▸ WHAT THE TASK ASKS
Your answer must hold only the lines below from the line containing "text \<open>Probability that" through the line containing "b i \<le> a", each reproduced exactly.

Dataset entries
····················
(* Let $k\ge2$, $n\ge k$, $\beta=\sum_{i=1}^n i^{k-1}$ and $c_i=i^{k-1}/\beta$ for $i=1,\dots,n$. In the position-randomized auction setting described in the context, if the $k-1$ disadvantaged bidders all use the initial bid sequence $c_1,\dots,c_n$ and the uniform distribution on permutations, then for every position-randomized strategy of the adversary ${\mathcal A}$, the expected number of objects ${\mathcal A}$ wins is at most $\frac{\beta-1}{n^{k-1}}$.
   Context: Auction model: there are $k$ bidders, one adversary ${\mathcal A}$ and $k-1$ disadvantaged bidders, and $n$ objects auctioned simultaneously. Each object is won by the highest bidder on it; if $m$ bidders tie for the highest bid, each wins with probability $1/m$. A position-randomized bidding algorithm: a bidder chooses an initial sequence $x_1,\dots,x_n$ of positive reals with $\sum x_j\le 1$ (budget) and a probability distribution on permutations $\sigma$ of $\{1,\dots,n\}$; he draws $\sigma$ and bids $x_j$ on object $\sigma(j)$. The disadvantaged bidders draw their permutations independently of each other, and ${\mathcal A}$'s permutation is drawn independently of theirs. *)

theory Defs
  imports "HOL-Probability.Probability" "HOL-Combinatorics.Permutations"
begin

text \<open>Objects are 1..n; disadvantaged bidders are indexed 1..k-1.\<close>

definition perms :: "nat \<Rightarrow> (nat \<Rightarrow> nat) set" where
  "perms n = {\<sigma>. \<sigma> permutes {1..n}}"

text \<open>Bid placed on object j by a bidder with initial sequence x and permutation sigma
  (who bids x i on object sigma i).\<close>
definition bid_on :: "(nat \<Rightarrow> real) \<Rightarrow> (nat \<Rightarrow> nat) \<Rightarrow> nat \<Rightarrow> real" where
  "bid_on x \<sigma> j = x (inv \<sigma> j)"

text \<open>Probability that the adversary (bid a) wins an object against the bids b i,
  i in 1..k-1, of the disadvantaged bidders, with uniform tie-breaking.\<close>
definition adv_share :: "nat \<Rightarrow> real \<Rightarrow> (nat \<Rightarrow> real) \<Rightarrow> real" where
  "adv_share k a b =
     (if \<forall>i\<in>{1..k-1}. b i \<le> a then 1 / real (1 + card {i\<in>{1..k-1}. b i = a}) else 0)"

definition adv_wins :: "nat \<Rightarrow> nat \<Rightarrow> (nat \<Rightarrow> real) \<Rightarrow> (nat \<Rightarrow> real)
     \<Rightarrow> (nat \<Rightarrow> nat) \<Rightarrow> (nat \<Rightarrow> nat \<Rightarrow> nat) \<Rightarrow> real" where
  "adv_wins k n x c \<tau> \<sigma>s = (\<Sum>j\<in>{1..n}. adv_share k (bid_on x \<tau> j) (\<lambda>i. bid_on c (\<sigma>s i) j))"

definition disadv_perms :: "nat \<Rightarrow> nat \<Rightarrow> (nat \<Rightarrow> nat \<Rightarrow> nat) pmf" where
  "disadv_perms k n = pmf_of_set (PiE {1..k-1} (\<lambda>_. perms n))"

definition expected_adv_wins :: "nat \<Rightarrow> nat \<Rightarrow> (nat \<Rightarrow> real) \<Rightarrow> (nat \<Rightarrow> nat) pmf
     \<Rightarrow> (nat \<Rightarrow> real) \<Rightarrow> real" where
  "expected_adv_wins k n x q c =
     measure_pmf.expectation (pair_pmf q (disadv_perms k n))
       (\<lambda>(\<tau>, \<sigma>s). adv_wins k n x c \<tau> \<sigma>s)"

end

theory Submission
  imports Defs
begin

(* Fix the adversary's permutation and an object. The k - 1 opposing bids on that object are
   independent and uniform over c_1, ..., c_n, and a tie is won with probability at most 1/2, so a
   bid a wins with probability at most the mean of (N_le(a)/n)^(k-1) and (N_lt(a)/n)^(k-1), where
   N_le(a) and N_lt(a) count the c_l that are at most, resp. below, a. As c_l <= a iff
   l^(k-1) <= \<beta> a, also N_le(a)^(k-1) <= \<beta> a, so summing over the adversary's bids gives
   the integer bound \<Sum> N_le^(k-1) <= \<beta>. If the sum is smaller than \<beta> we are done. If it
   equals \<beta>, then no bid has N_lt = N_le (that bid would make the bound strict), so each of the
   n >= 2 objects loses at least 1/2 through the tie term. *)

lemma card_permutes_with_value:
  assumes "finite S" "a \<in> S" "b \<in> S"
  shows "card {p. p permutes S \<and> p a = b} = fact (card S - 1)"
proof -
  have fixing_a: "{p. p permutes S \<and> p a = a} = {p. p permutes (S - {a})}"
  proof (intro set_eqI iffI)
    fix p assume "p \<in> {p. p permutes S \<and> p a = a}"
    then show "p \<in> {p. p permutes (S - {a})}"
      using permutes_superset[of p S "S - {a}"] by auto
  next
    fix p assume "p \<in> {p. p permutes (S - {a})}"
    then show "p \<in> {p. p permutes S \<and> p a = a}"
      using permutes_subset[of p "S - {a}" S] permutes_not_in[of p "S - {a}" a] by auto
  qed
  have swap: "bij_betw (\<lambda>p. Transposition.transpose a b \<circ> p)
      {p. p permutes S \<and> p a = b} {p. p permutes S \<and> p a = a}"
    by (rule bij_betw_byWitness[where f' = "\<lambda>p. Transposition.transpose a b \<circ> p"])
      (auto simp: comp_assoc[symmetric] assms permutes_in_image
        intro!: permutes_compose permutes_swap_id)
  have "card {p. p permutes S \<and> p a = b} = card {p. p permutes (S - {a})}"
    using bij_betw_same_card[OF swap] fixing_a by simp
  also have "\<dots> = fact (card S - 1)"
    using card_permutations[of "S - {a}" "card S - 1"] assms by simp
  finally show ?thesis .
qed
lemma tendsto_zero_of_dissipation:
  fixes z :: "nat \<Rightarrow> 'a::real_normed_vector"
  assumes c: "c > 0"
    and nonneg: "\<And>k. 0 \<le> W k"
    and dissipation: "\<And>k. c * (norm (z k))\<^sup>2 \<le> W k - W (Suc k)"
  shows "z \<longlonglongrightarrow> 0"
proof -
  have "0 \<le> c * (norm (z k))\<^sup>2" for k
    using c by simp
  then have "decseq W"
    using dissipation by (intro decseq_SucI) (meson diff_ge_0_iff_ge order_trans)
  then obtain L where L: "W \<longlonglongrightarrow> L"
    using nonneg decseq_convergent by blast
  have "(\<lambda>k. W k - W (Suc k)) \<longlonglongrightarrow> L - L"
    by (rule tendsto_diff[OF L LIMSEQ_Suc[OF L]])
  then have "(\<lambda>k. (W k - W (Suc k)) / c) \<longlonglongrightarrow> 0"
    by (simp add: tendsto_divide_zero)
  then have "(\<lambda>k. (norm (z k))\<^sup>2) \<longlonglongrightarrow> 0"
    by (rule tendsto_sandwich[rotated 2, OF tendsto_const])
       (use c dissipation in \<open>auto simp: pos_le_divide_eq mult.commute\<close>)
  then have "(\<lambda>k. sqrt ((norm (z k))\<^sup>2)) \<longlonglongrightarrow> sqrt 0"
    by (rule tendsto_real_sqrt)
  then show ?thesis
    by (simp add: tendsto_norm_zero_iff)
qed

lemma pc_f_shift:
  "pc_f Q J0 R G0 E z = pc_f Q J0 R G0 E xs + (J0 - R) *v (Q *v (z - xs))"
  unfolding pc_f_def by (simp add: matrix_vector_mul_assoc[symmetric] matrix_vector_mult_diff_distrib)

lemma pc_g_mult_shift:
  "pc_g Q J G E z *v u = pc_g Q J G E xs *v u + (\<Sum>i\<in>UNIV. u$i *\<^sub>R (J i *v (Q *v (z - xs))))"
proof -
  have "pc_g Q J G E y *v u = (\<Sum>i\<in>UNIV. u$i *\<^sub>R ((J i ** Q) *v y + G i *v E))" for y
    by (simp add: pc_g_def vec_eq_iff matrix_vector_mult_def sum_component mult.commute)
  moreover have "(J i ** Q) *v z = (J i ** Q) *v xs + J i *v (Q *v (z - xs))" for i
    by (simp add: matrix_vector_mul_assoc matrix_vector_mult_diff_distrib)
  ultimately show ?thesis
    by (simp add: scaleR_add_right add_ac flip: sum.distrib)
qed
lemma tensor_inner_mode_prod_adjoint:
  assumes "n < m"
  shows "tensor_inner N m (mode_prod N n M X) Y = tensor_inner N m X (mode_prod N n (\<lambda>a b. M b a) Y)"
proof -
  have "tensor_inner N m (mode_prod N n M X) Y
      = (\<Sum>i\<in>tidx N m. \<Sum>k<N n. (\<lambda>x a b. X x * Y (x(n := a)) * M a b) (i(n := k)) (i n) k)"
    by (simp add: tensor_inner_def mode_prod_def sum_distrib_left sum_distrib_right mult_ac)
  also have "\<dots> = (\<Sum>i\<in>tidx N m. \<Sum>k<N n. (\<lambda>x a b. X x * Y (x(n := a)) * M a b) i k (i n))"
    by (rule sum_tidx_fun_upd_swap[OF assms])
  also have "\<dots> = tensor_inner N m X (mode_prod N n (\<lambda>a b. M b a) Y)"
    by (simp add: tensor_inner_def mode_prod_def sum_distrib_left mult_ac)
  finally show ?thesis .
qed

lemma mode_prod_norm_le:
  assumes "n < m" and "0 \<le> c"
    and bound: "\<And>x. (\<Sum>a<N n. (\<Sum>k<N n. M a k * x k)\<^sup>2) \<le> c * (\<Sum>k<N n. (x k)\<^sup>2)"
  shows "tensor_inner N m (mode_prod N n M X) (mode_prod N n M X) \<le> c * tensor_inner N m X X"
proof (cases "N n = 0")
  case True
  then show ?thesis
    using tidx_eq_empty[OF assms(1)] by (simp add: tensor_inner_def)
next
  case False
  have fibres: "(\<Sum>i\<in>tidx N m. \<Sum>k<N n. g (i(n := k))) = real (N n) * (\<Sum>i\<in>tidx N m. g i)"
    for g :: "(nat \<Rightarrow> nat) \<Rightarrow> real"
    using sum_tidx_fun_upd_swap[OF assms(1), where F="\<lambda>x a b. g x" and N=N]
    by (simp add: sum_distrib_left)
  define f where "f i = (mode_prod N n M X i)\<^sup>2" for i
  have "real (N n) * tensor_inner N m (mode_prod N n M X) (mode_prod N n M X)
      = (\<Sum>i\<in>tidx N m. \<Sum>k<N n. f (i(n := k)))"
    by (subst fibres) (simp add: f_def tensor_inner_def power2_eq_square)
  also have "\<dots> = (\<Sum>i\<in>tidx N m. \<Sum>a<N n. (\<Sum>k<N n. M a k * X (i(n := k)))\<^sup>2)"
    by (simp add: f_def mode_prod_def mult.commute)
  also have "\<dots> \<le> (\<Sum>i\<in>tidx N m. c * (\<Sum>k<N n. (X (i(n := k)))\<^sup>2))"
    by (rule sum_mono) (rule bound)
  also have "\<dots> = real (N n) * (c * tensor_inner N m X X)"
    by (subst sum_distrib_left[symmetric], subst fibres) (simp add: tensor_inner_def power2_eq_square)
  finally show ?thesis
    using False by simp
qed

lemma mode_prod_multi_mode_prod_commute:
  "d \<le> n \<Longrightarrow> mode_prod N n A (multi_mode_prod N M d X) = multi_mode_prod N M d (mode_prod N n A X)"
  by (induction d) (simp_all add: mode_prod_commute)

lemma multi_mode_prod_linear:
  "multi_mode_prod N A k (\<lambda>i. a * X i + b * Y i)
     = (\<lambda>i. a * multi_mode_prod N A k X i + b * multi_mode_prod N A k Y i)"
  by (induction k) (simp_all add: mode_prod_linear)

lemma multi_mode_prod_multi_mode_prod:
  "multi_mode_prod N A d (multi_mode_prod N B d X)
     = multi_mode_prod N (\<lambda>n a c. \<Sum>b<N n. A n a b * B n b c) d X"
proof (induction d)
  case 0
  then show ?case by simp
next
  case (Suc d)
  have "multi_mode_prod N A (Suc d) (multi_mode_prod N B (Suc d) X)
      = mode_prod N d (A d) (mode_prod N d (B d) (multi_mode_prod N A d (multi_mode_prod N B d X)))"
    by (simp add: mode_prod_multi_mode_prod_commute)
  then show ?case
    by (simp add: mode_prod_mode_prod Suc.IH)
qed

lemma multi_mode_prod_cong:
  assumes "d \<le> m" "\<forall>i\<in>tidx N m. X i = X' i" "\<forall>n<d. \<forall>a<N n. \<forall>b<N n. A n a b = A' n a b"
  shows "\<forall>i\<in>tidx N m. multi_mode_prod N A d X i = multi_mode_prod N A' d X' i"
  using assms
proof (induction d)
  case 0
  then show ?case by simp
next
  case (Suc d)
  then have "\<forall>i\<in>tidx N m. multi_mode_prod N A d X i = multi_mode_prod N A' d X' i"
    by auto
  with Suc.prems show ?case
    by (auto simp: mode_prod_def tidx_fun_upd tidx_less intro!: sum.cong)
qed

lemma multi_mode_prod_multi_mode_prod_on_tidx:
  assumes "d \<le> m" and "\<forall>n<d. \<forall>a<N n. \<forall>c<N n. (\<Sum>b<N n. A n a b * B n b c) = C n a c"
  shows "\<forall>i\<in>tidx N m. multi_mode_prod N A d (multi_mode_prod N B d X) i = multi_mode_prod N C d X i"
  unfolding multi_mode_prod_multi_mode_prod using assms by (intro multi_mode_prod_cong) auto

lemma tensor_inner_multi_mode_prod_adjoint:
  assumes "d \<le> m"
  shows "tensor_inner N m (multi_mode_prod N A d X) Y
       = tensor_inner N m X (multi_mode_prod N (\<lambda>n a b. A n b a) d Y)"
  using assms
proof (induction d arbitrary: Y)
  case 0
  then show ?case by simp
next
  case (Suc d)
  have "tensor_inner N m (multi_mode_prod N A (Suc d) X) Y
      = tensor_inner N m (multi_mode_prod N A d X) (mode_prod N d (\<lambda>a b. A d b a) Y)"
    using Suc.prems by (simp add: tensor_inner_mode_prod_adjoint)
  also have "\<dots> = tensor_inner N m X (multi_mode_prod N (\<lambda>n a b. A n b a) (Suc d) Y)"
    using Suc by (simp add: mode_prod_multi_mode_prod_commute)
  finally show ?case .
qed

lemma multi_mode_prod_norm_le:
  assumes "d \<le> m" "\<forall>n<d. 0 \<le> c n"
    and bound: "\<And>n x. n < d \<Longrightarrow>
                  (\<Sum>a<N n. (\<Sum>k<N n. A n a k * x k)\<^sup>2) \<le> c n * (\<Sum>k<N n. (x k)\<^sup>2)"
  shows "tensor_inner N m (multi_mode_prod N A d X) (multi_mode_prod N A d X)
       \<le> (\<Prod>n<d. c n) * tensor_inner N m X X"
  using assms
proof (induction d)
  case 0
  then show ?case by simp
next
  case (Suc d)
  have "tensor_inner N m (multi_mode_prod N A (Suc d) X) (multi_mode_prod N A (Suc d) X)
      \<le> c d * tensor_inner N m (multi_mode_prod N A d X) (multi_mode_prod N A d X)"
    using Suc.prems by (simp add: mode_prod_norm_le)
  also have "\<dots> \<le> c d * ((\<Prod>n<d. c n) * tensor_inner N m X X)"
    using Suc by (simp add: mult_left_mono)
  finally show ?case
    by (simp add: mult_ac)
qed

section \<open>Products of orthogonal projections\<close>

definition is_orth_proj_mat :: "nat \<Rightarrow> (nat \<Rightarrow> nat \<Rightarrow> real) \<Rightarrow> bool" where
  "is_orth_proj_mat n P \<longleftrightarrow>
     (\<forall>a<n. \<forall>b<n. P a b = P b a) \<and> (\<forall>a<n. \<forall>c<n. (\<Sum>b<n. P a b * P b c) = P a c)"

context
  fixes N :: "nat \<Rightarrow> nat" and P :: "nat \<Rightarrow> nat \<Rightarrow> nat \<Rightarrow> real" and k m :: nat
  assumes k_le: "k \<le> m" and orth_proj: "\<forall>n<k. is_orth_proj_mat (N n) (P n)"
begin

lemma multi_orth_proj_idem:
  "\<forall>i\<in>tidx N m. multi_mode_prod N P k (multi_mode_prod N P k X) i = multi_mode_prod N P k X i"
  using orth_proj unfolding is_orth_proj_mat_def by (intro multi_mode_prod_multi_mode_prod_on_tidx[OF k_le]) blast

lemma multi_orth_proj_self_adjoint:
  "tensor_inner N m (multi_mode_prod N P k X) Y = tensor_inner N m X (multi_mode_prod N P k Y)"
proof -
  have "\<forall>i\<in>tidx N m. multi_mode_prod N (\<lambda>n a b. P n b a) k Y i = multi_mode_prod N P k Y i"
    using orth_proj by (intro multi_mode_prod_cong[OF k_le]) (auto simp: is_orth_proj_mat_def)
  then show ?thesis
    unfolding tensor_inner_multi_mode_prod_adjoint[OF k_le] by (intro tensor_inner_cong) simp_all
qed

lemma multi_orth_proj_residual_orth:
  "tensor_inner N m (\<lambda>i. X i - multi_mode_prod N P k X i) (multi_mode_prod N P k Z) = 0"
proof -
  have "tensor_inner N m (\<lambda>i. X i - multi_mode_prod N P k X i) (multi_mode_prod N P k Z)
      = tensor_inner N m (multi_mode_prod N P k (\<lambda>i. 1 * X i + (-1) * multi_mode_prod N P k X i)) Z"
    by (simp add: multi_orth_proj_self_adjoint)
  also have "\<dots> = tensor_inner N m (\<lambda>i. 1 * multi_mode_prod N P k X i
                              + (-1) * multi_mode_prod N P k (multi_mode_prod N P k X) i) Z"
    by (simp only: multi_mode_prod_linear)
  also have "\<dots> = 0"
    using multi_orth_proj_idem by (simp add: tensor_inner_def)
  finally show ?thesis .
qed
lemma trivial_kernel_tridiag_toeplitz_iff:
  fixes c b :: "'a::field"
  assumes "b \<noteq> 0" and "n \<ge> 1"
  shows "trivial_kernel n (mat_vec n (tridiag_toeplitz n c b)) \<longleftrightarrow> lucas_U (- c / b) (n + 1) \<noteq> 0"
proof
  assume trivial: "trivial_kernel n (mat_vec n (tridiag_toeplitz n c b))"
  show "lucas_U (- c / b) (n + 1) \<noteq> 0"
  proof
    assume "lucas_U (- c / b) (n + 1) = 0"
    define w where "w k = (if k < n then lucas_U (- c / b) (k + 1) else 0)" for k
    have "w \<in> fvecs n"
      by (simp add: w_def fvecs_def)
    moreover have "\<forall>i<n. mat_vec n (tridiag_toeplitz n c b) w i = 0"
      unfolding w_def using assms(1) \<open>lucas_U (- c / b) (n + 1) = 0\<close>
      by (blast intro: tridiag_toeplitz_kernel_vector_of_root)
    ultimately have "w 0 = 0"
      using trivial assms(2) by (simp add: trivial_kernel_def)
    then show False
      using assms(2) by (simp add: w_def)
  qed
next
  assume nonzero: "lucas_U (- c / b) (n + 1) \<noteq> 0"
  show "trivial_kernel n (mat_vec n (tridiag_toeplitz n c b))"
    unfolding trivial_kernel_def
  proof (intro ballI impI allI)
    fix w i assume w: "w \<in> fvecs n" and kernel: "\<forall>i<n. mat_vec n (tridiag_toeplitz n c b) w i = 0"
      and "i < n"
    have "w n = 0"
      using w by (simp add: fvecs_def)
    then have "w 0 = 0"
      using tridiag_toeplitz_kernel_vector[OF assms(1) w kernel, of n] nonzero by simp
    then show "w i = 0"
      using tridiag_toeplitz_kernel_vector[OF assms(1) w kernel, of i] \<open>i < n\<close> by simp
  qed
qed

lemma is_LCD_toeplitz_code_iff_lucas_U_CHAR_2:
  fixes a b :: "'a::field"
  assumes char: "CHAR('a) = 2" and "b \<noteq> 0" and "n \<ge> 1"
  shows "is_LCD (2 * n) (toeplitz_code n a b) \<longleftrightarrow> lucas_U (a / b - - 1 / b) (n + 1) \<noteq> 0"
proof -
  have "- (a + 1) / b = (a + 1) / b"
    by (simp only: uminus_CHAR_2[OF char])
  also have "\<dots> = a / b - - 1 / b"
    by (simp add: add_divide_distrib)
  finally have shift: "- (a + 1) / b = a / b - - 1 / b" .
  have "is_LCD (2 * n) (toeplitz_code n a b) \<longleftrightarrow>
      trivial_kernel n (mat_vec n (tridiag_toeplitz n (a + 1) b))"
    by (rule is_LCD_toeplitz_code_iff_CHAR_2[OF char])
  also have "\<dots> \<longleftrightarrow> lucas_U (- (a + 1) / b) (n + 1) \<noteq> 0"
    using assms(2,3) by (rule trivial_kernel_tridiag_toeplitz_iff)
  finally show ?thesis
    unfolding shift .
qed

section \<open>Roots of \<open>U\<^sub>n\<^sub>+\<^sub>1\<close>\<close>

lemma
  fixes n :: nat
  assumes "0 < n"
  shows finite_roots_of_unity: "finite {u::'a::idom. u ^ n = 1}"
    and card_roots_of_unity_le: "card {u::'a::idom. u ^ n = 1} \<le> n"
proof -
  define p :: "'a poly" where "p = monom 1 n - 1"
  have roots: "{u::'a. u ^ n = 1} = {u. poly p u = 0}"
    by (simp add: p_def poly_monom)
  have "p \<noteq> 0"
  proof
    assume "p = 0"
    then have "poly p 0 = 0"
      by simp
    with \<open>0 < n\<close> show False
      by (simp add: p_def poly_monom zero_power)
  qed
  then show "finite {u::'a. u ^ n = 1}"
    unfolding roots by (rule poly_roots_finite)
  have "card {u::'a. u ^ n = 1} \<le> degree p"
    unfolding roots using \<open>p \<noteq> 0\<close> by (rule card_poly_roots_bound)
  also have "degree p \<le> n"
    unfolding p_def by (intro degree_diff_le) (simp_all add: degree_monom_le)
  finally show "card {u::'a. u ^ n = 1} \<le> n" .
qed
(* There exist symmetric pseudo-Boolean functions of $n$ variables for which any quadratization must involve at least $\Omega(\sqrt{n})$ auxiliary variables; that is, there is a constant $c>0$ such that for infinitely many $n$ there is a symmetric $f:\{0,1\}^n\to\mathbb{R}$ every quadratization of which uses at least $c\sqrt n$ auxiliary variables.
   Context: A pseudo-Boolean function is a map $\{0,1\}^n\to\mathbb{R}$; it is symmetric if its value depends only on the Hamming weight. A quadratization of $f$ using $m$ auxiliary variables is a polynomial $g(x,y)$ of degree at most $2$ in $x_1,\ldots,x_n,y_1,\ldots,y_m$ such that $f(x)=\min\{g(x,y):y\in\{0,1\}^m\}$ for all $x\in\{0,1\}^n$. *)

theory Defs
  imports Complex_Main
begin

text \<open>Boolean points of \<open>{0,1}^n\<close>: maps \<open>nat \<Rightarrow> bool\<close> that are False outside \<open>{0..<n}\<close>.\<close>
definition bool_vecs :: "nat \<Rightarrow> (nat \<Rightarrow> bool) set" where
  "bool_vecs n = {x. \<forall>i\<ge>n. \<not> x i}"

definition hweight :: "nat \<Rightarrow> (nat \<Rightarrow> bool) \<Rightarrow> nat" where
  "hweight n x = card {i. i < n \<and> x i}"

definition symmetric_pbf :: "nat \<Rightarrow> ((nat \<Rightarrow> bool) \<Rightarrow> real) \<Rightarrow> bool" where
  "symmetric_pbf n f \<longleftrightarrow>
     (\<forall>x\<in>bool_vecs n. \<forall>y\<in>bool_vecs n. hweight n x = hweight n y \<longrightarrow> f x = f y)"
(* If $0\neq f\in F(\mathfrak B)$ has degree $k$, then all identities $w^{(j)}_{(\mu_1,\mu_2)}=0$ with $\mu_2\ge k$ (and $0\le j\le\mu_1-\mu_2$) are consequences of $f=0$, i.e. all such $w^{(j)}_{(\mu_1,\mu_2)}$ lie in the T-ideal generated by $f$.
   Context: $K$ is a field of characteristic $0$. $\mathfrak B$ is the variety of bicommutative algebras (identities $(x_1x_2)x_3=(x_1x_3)x_2$, $x_1(x_2x_3)=x_2(x_1x_3)$), with free algebra $F(\mathfrak B)$ on $x_1,x_2,\dots$; a T-ideal is a two-sided ideal closed under all endomorphisms. Model: with $K[Y,Z]$ the commutative polynomial ring in $y_1,y_2,\dots,z_1,z_2,\dots$, the algebra $G$ has basis $\{x_i\}\cup\{Y^\alpha Z^\beta:|\alpha|,|\beta|>0\}$ and multiplication $x_ix_j=y_iz_j$, $x_i\cdot(Y^\alpha Z^\beta)=y_iY^\alpha Z^\beta$, $(Y^\alpha Z^\beta)\cdot x_j=Y^\alpha Z^\beta z_j$, $(Y^\alpha Z^\beta)(Y^\gamma Z^\delta)=Y^{\alpha+\gamma}Z^{\beta+\delta}$; it is known that $x_i\mapsto x_i$ gives an isomorphism $F(\mathfrak B)\cong G$, so elements of $F(\mathfrak B)^2$ are written as polynomials in the $y_i,z_i$. For $\mu=(\mu_1,\mu_2)$ with $\mu_2>0$, $w^{(j)}_\mu=y_1^j(y_1z_2-y_2z_1)^{\mu_2}z_1^{\mu_1-\mu_2-j}$, $0\le j\le\mu_1-\mu_2$. *)

theory Defs
  imports Main "HOL-Library.Poly_Mapping"
begin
····················
▸ ANSWER SPACE
text \<open>Probability that the adversary (bid a) wins an object against the bids b i,
  i in 1..k-1, of the disadvantaged bidders, with uniform tie-breaking.\<close>
definition adv_share :: "nat \<Rightarrow> real \<Rightarrow> (nat \<Rightarrow> real) \<Rightarrow> real" where
  "adv_share k a b =
     (if \<forall>i\<in>{1..k-1}. b i \<le> a then 1 / real (1 + card {i\<in>{1..k-1}. b i = a}) else 0)"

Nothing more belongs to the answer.